Cainã Max Couto da Silva

Postdoctoral Data Scientist

UW-Madison

About me

As a highly skilled data scientist with a PhD in bioinformatics and over ten years of working on relevant projects, I developed a strong data science and analytics foundation. I have spent the last few years working at world-renowned companies, developing end-to-end machine learning applications. Additionally, driven by my passion for knowledge, I’ve taught specialized courses in various data science topics.

Interests

Data Science
Artificial Intelligence
Generative AI (LLMs)
Machine Learning Engineering

Education

MBA in Data Science & Analytics
Universidade de São Paulo
PhD in Bioinformatics
Universidade de São Paulo

Current experience

Postdoctoral Data Scientist

UW-Madison - Top 15 public universities in the US

August 2024 – Present Madison - WI, USA

Currently developing a RAG-based text-to-SQL AI agent that allows users to interact with the database using Slack.
Developed SQLDeps: an open-source Python package leveraging LLMs to automatically extract table and column dependencies and outputs from complex SQL scripts 100X faster and >300X cheaper than human expert labor.
Developed and optimized cattle mapping using cutting-edge deep learning models on high‑resolution satellite imagery, providing actionable intelligence to combat Amazon deforestation.
Engineered a pioneering machine learning classifier to assess data quality from farm properties at scale, implementing feature engineering on geospatial and entity data that enabled scalable data integrity checks for the first time.
Lead UW‑Madison students in research projects, mentoring on machine learning and computer vision techniques.
Automated database workflows, reducing manual intervention and boosting team productivity.
Delivered private data analysis reports for stakeholders in Brazil and the USA.

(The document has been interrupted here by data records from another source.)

lemma card_le_if_alg_indep_subset_alg_cl:
  assumes "is_subfield F" "finite S" "finite B" "alg_indep F B" "B \<subseteq> alg_cl F S"
  shows "card B \<le> card S"
  using assms(2-)
proof (induct "card (S - B)" arbitrary: S rule: less_induct)
  case less
  show ?case
  proof (cases "S - B = {}")
    case True
    then have "B \<subseteq> S" by (intro subset_if_alg_indep_subset_alg_cl[OF assms(1) less(3-5)]) blast
    then show ?thesis using less(2) by (simp add: card_mono)
  next
    case False
    then obtain s where s: "s \<in> S" "s \<notin> B" by auto
    have "(S - {s}) - B = (S - B) - {s}" by blast
    moreover have "card ((S - B) - {s}) < card (S - B)"
      using s less(2) by (intro card_Diff1_less) auto
    ultimately have lt: "card ((S - {s}) - B) < card (S - B)" by simp
    have fin: "finite (S - {s})" using less(2) by simp
    show ?thesis
    proof (cases "B \<subseteq> alg_cl F (S - {s})")
      case True
      have "card B \<le> card (S - {s})" by (rule less(1)[OF lt fin less(3,4) True])
      then show ?thesis using less(2) card_Diff1_le[of S s] by linarith
    next
      case False
      then obtain b where b: "b \<in> B" "b \<notin> alg_cl F (S - {s})" by auto
      define S' where "S' = insert b (S - {s})"
      have "S - {s} \<subseteq> alg_cl F (S - {s})" by (rule alg_cl_incl)
      then have "b \<notin> S - {s}" using b(2) by blast
      then have "card S' = card S" unfolding S'_def
        using card_insert_disjoint[OF fin] card_Suc_Diff1[OF less(2) s(1)] by simp
      moreover have "card B \<le> card S'"
      proof (rule less(1))
        have "S' - B = (S - {s}) - B" unfolding S'_def using b(1) by blast
        then show "card (S' - B) < card (S - B)" using lt by simp
        show "finite S'" unfolding S'_def using fin by simp
        show "B \<subseteq> alg_cl F S'"
          unfolding S'_def using alg_cl_replace[OF assms(1) less(5) s(1) b] .
      qed (use less(3,4) in auto)
      ultimately show ?thesis by simp
    qed
  qed
qed

text \<open>A dependence among the elements of U would let a proper subset of U span a
  transcendence basis of L, contradicting the exchange lemma.\<close>

lemma alg_indep_if_card_le_trdeg:
  assumes F: "is_subfield F" and tr: "has_trdeg F L n"
    and U: "finite U" "card U \<le> n" "L \<subseteq> alg_cl F U"
  shows "alg_indep F U"
proof -
  obtain B where B: "B \<subseteq> L" "finite B" "card B = n" "alg_indep F B"
    using tr unfolding has_trdeg_def by blast
  have "u \<notin> alg_cl F (U - {u})" if u: "u \<in> U" for u
  proof
    assume "u \<in> alg_cl F (U - {u})"
    then have "U \<subseteq> alg_cl F (U - {u})" using alg_cl_incl[of "U - {u}" F] by blast
    then have "B \<subseteq> alg_cl F (U - {u})" using alg_cl_subset[of U F "U - {u}"] B(1) U(3) by blast
    then have "card B \<le> card (U - {u})"
      using card_le_if_alg_indep_subset_alg_cl[OF F _ B(2,4)] U(1) by simp
    then show False using card_Diff1_less[OF U(1) u] B(3) U(2) by simp
  qed
  then show ?thesis by (intro alg_indep_if_not_in_alg_cl U(1) F) blast
qed

section \<open>Specialising points of a conic\<close>

text \<open>A point over F(b), b transcendental, is a pair of rational functions in b; clearing
  denominators gives a polynomial identity, which may be evaluated at any element of the
  infinite field k0 that is not a root of the denominators.\<close>

lemma conic_point_specialise:
  assumes F: "is_subfield F" and k0: "k0 \<subseteq> F" "infinite k0"
    and tr: "\<not> algebraic_over F b"
    and x: "x \<in> gen_field (F \<union> {b})" and y: "y \<in> gen_field (F \<union> {b})"
    and \<alpha>: "\<alpha> \<in> F" and \<gamma>: "\<gamma> \<in> F" and eq: "x^2 - \<alpha> * y^2 = \<gamma>"
  shows "\<exists>x'\<in>F. \<exists>y'\<in>F. x'^2 - \<alpha> * y'^2 = \<gamma>"
proof -
  obtain p1 q1 where 1: "poly_over F p1" "poly_over F q1" "poly q1 b \<noteq> 0"
      "x = poly p1 b / poly q1 b"
    using gen_field_insert_rational_values[OF F x] by blast
  obtain p2 q2 where 2: "poly_over F p2" "poly_over F q2" "poly q2 b \<noteq> 0"
      "y = poly p2 b / poly q2 b"
    using gen_field_insert_rational_values[OF F y] by blast
  define H where "H = (p1 * q2)^2 - [:\<alpha>:] * (p2 * q1)^2 - [:\<gamma>:] * (q1 * q2)^2"
  have "poly_over F H" unfolding H_def
    by (intro poly_over_diff poly_over_mult poly_over_power poly_over_const F \<alpha> \<gamma> 1 2)
  moreover have "poly H b = (poly q1 b * poly q2 b)^2 * (x^2 - \<alpha> * y^2 - \<gamma>)"
    unfolding H_def 1(4) 2(4) using 1(3) 2(3) by (simp add: field_simps power2_eq_square)
  ultimately have H0: "H = 0" using tr eq unfolding algebraic_over_def poly_over_def by auto
  have "q1 * q2 \<noteq> 0" using 1(3) 2(3) by auto
  then have "\<not> k0 \<subseteq> {c. poly (q1 * q2) c = 0}"
    using poly_roots_finite k0(2) finite_subset by blast
  then obtain c where c: "c \<in> k0" "poly q1 c \<noteq> 0" "poly q2 c \<noteq> 0" by auto
  have "poly H c = 0" using H0 by simp
  then have "(poly p1 c / poly q1 c)^2 - \<alpha> * (poly p2 c / poly q2 c)^2 = \<gamma>"
    using c(2,3) unfolding H_def by (simp add: field_simps power2_eq_square)
  moreover have "poly p1 c / poly q1 c \<in> F" "poly p2 c / poly q2 c \<in> F"
    using poly_over_poly_mem[OF F] 1 2 c(1) k0(1) by (auto intro!: subfield_divide F)
  ultimately show ?thesis by blast
qed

Tools: Python, SQL, GitHub/GitLab, git, AWS, LangChain, PyTorch, YOLO, LLMs, Streamlit, machine learning libraries (e.g., scikit-learn), data visualization libraries, etc.

Industry experience

Data Scientist

Schlumberger - World’s largest offshore drilling company

January 2023 – July 2024 Houston - TX, USA (remote)

I work developing end-to-end AI SaaS products to our internal customers.

Main activities:

Building predictive models using either statistical or machine learning approaches to assess the health of the company assets (tools)
Assessing the technical feasibility of new projects through data analysis

Deliveries:

Statistical models to assess the asset health
Machine learning models to predict the asset health for the upcoming usage
A custom-trained OCR model to extract dimensions of engineering drawings

Quick facts:

As result of my first project, our work has been accepted to be published as a scientific paper at OnePetro.
I led a innovation proposal using AI, and we ranked in the top 12 out of almost 400 ideas worldwide. My colleague and I gave the final pitch to the CEOs.
I work in one of the most diverse teams in our company, interacting with people from US, India, Europe, and South America in my daily routine.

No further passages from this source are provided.